Dynamic Graph Communication for Decentralised Multi-Agent Reinforcement Learning
This work presents a novel communication framework for decentralized multi-agent systems operating in dynamic network environments. Integrated into a multi-agent reinforcement learning system, the framework is designed to enhance decision-making by optimizing the network's collective knowledge through efficient communication. Key contributions include adapting a static network packet-routing scenario to a dynamic setting with node failures, incorporating a graph attention network layer in a recurrent message-passing framework, and introducing a multi-round communication targeting mechanism.
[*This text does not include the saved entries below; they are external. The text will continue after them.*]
lemma delta_span_diff:
  assumes "\<phi> \<in> delta_span" "\<psi> \<in> delta_span"
  shows "(\<lambda>g. \<phi> g - \<psi> g) \<in> delta_span"
proof -
  obtain S c T d where ST: "finite S" "finite T"
    and eq: "\<phi> = (\<lambda>g. \<Sum>x\<in>S. c x * delta x g)" "\<psi> = (\<lambda>g. \<Sum>x\<in>T. d x * delta x g)"
    using assms unfolding delta_span_def by blast
  define e where "e x = (if x \<in> S then c x else 0) - (if x \<in> T then d x else 0)" for x
  have "\<phi> g - \<psi> g = (\<Sum>x\<in>S \<union> T. e x * delta x g)" for g
  proof -
    have "\<phi> g - \<psi> g = (\<Sum>x\<in>S \<union> T. if x \<in> S then c x * delta x g else 0)
        - (\<Sum>x\<in>S \<union> T. if x \<in> T then d x * delta x g else 0)"
      using ST by (simp add: eq sum.inter_restrict[symmetric] Int_absorb1)
    also have "\<dots> = (\<Sum>x\<in>S \<union> T. e x * delta x g)"
      by (subst sum_subtractf[symmetric]) (auto simp: e_def left_diff_distrib intro!: sum.cong)
    finally show ?thesis .
  qed
  then show ?thesis
    unfolding delta_span_def using ST by blast
qed

lemma delta_span_Lip0_dual: "\<psi> \<in> delta_span \<Longrightarrow> \<psi> \<in> Lip0_dual dM 0"
  unfolding delta_span_def using delta_sum_Lip0_dual by blast

lemma free_space_approx:
  "\<phi> \<in> free_space dM 0 \<Longrightarrow> 0 < e \<Longrightarrow> \<exists>\<psi>\<in>delta_span. dnorm dM 0 (\<lambda>g. \<phi> g - \<psi> g) < e"
  unfolding free_space_def by blast

lemma free_space_diff:
  fixes \<phi> \<psi> :: "(nat \<Rightarrow> 'k::real_normed_field) \<Rightarrow> 'k"
  assumes \<phi>: "\<phi> \<in> free_space dM 0" and \<psi>: "\<psi> \<in> free_space dM 0"
  shows "(\<lambda>g. \<phi> g - \<psi> g) \<in> free_space dM 0"
proof -
  have "\<exists>\<theta>\<in>delta_span. dnorm dM 0 (\<lambda>g. (\<phi> g - \<psi> g) - \<theta> g) < e" if "e > 0" for e
  proof -
    obtain p where p: "p \<in> delta_span" "dnorm dM 0 (\<lambda>g. \<phi> g - p g) < e / 2"
      using free_space_approx[OF \<phi>, of "e / 2"] \<open>e > 0\<close> by auto
    obtain q where q: "q \<in> delta_span" "dnorm dM 0 (\<lambda>g. \<psi> g - q g) < e / 2"
      using free_space_approx[OF \<psi>, of "e / 2"] \<open>e > 0\<close> by auto
    note pq = p(1) q(1)
    have "dnorm dM 0 (\<lambda>g. (\<phi> g - \<psi> g) - (p g - q g))
        \<le> dnorm dM 0 (\<lambda>g. \<phi> g - p g) + dnorm dM 0 (\<lambda>g. \<psi> g - q g)"
      using dnorm_diff_le[of "\<lambda>g. \<phi> g - p g" "\<lambda>g. \<psi> g - q g"] \<phi> \<psi> pq
      by (simp add: algebra_simps Lip0_dual_ball_bounded Lip0_dual_diff delta_span_Lip0_dual
          free_space_Lip0_dual)
    then show ?thesis
      using p q delta_span_diff[OF pq] by (intro bexI[of _ "\<lambda>g. p g - q g"]) auto
  qed
  then show ?thesis
    using Lip0_dual_diff[OF free_space_Lip0_dual[OF \<phi>] free_space_Lip0_dual[OF \<psi>]]
    unfolding free_space_def by blast
qed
This approach enables an attention-based aggregation mechanism to be successfully trained within a sparse-reward, dynamic network packet-routing environment using only reinforcement learning. Experimental results show improvements in routing performance, including a 9.5 percent increase in average rewards and a 6.4 percent reduction in communication overhead compared to a baseline system. The study also examines the ethical and legal implications of deploying such systems in critical infrastructure and military contexts, identifies current limitations, and suggests potential directions for future research.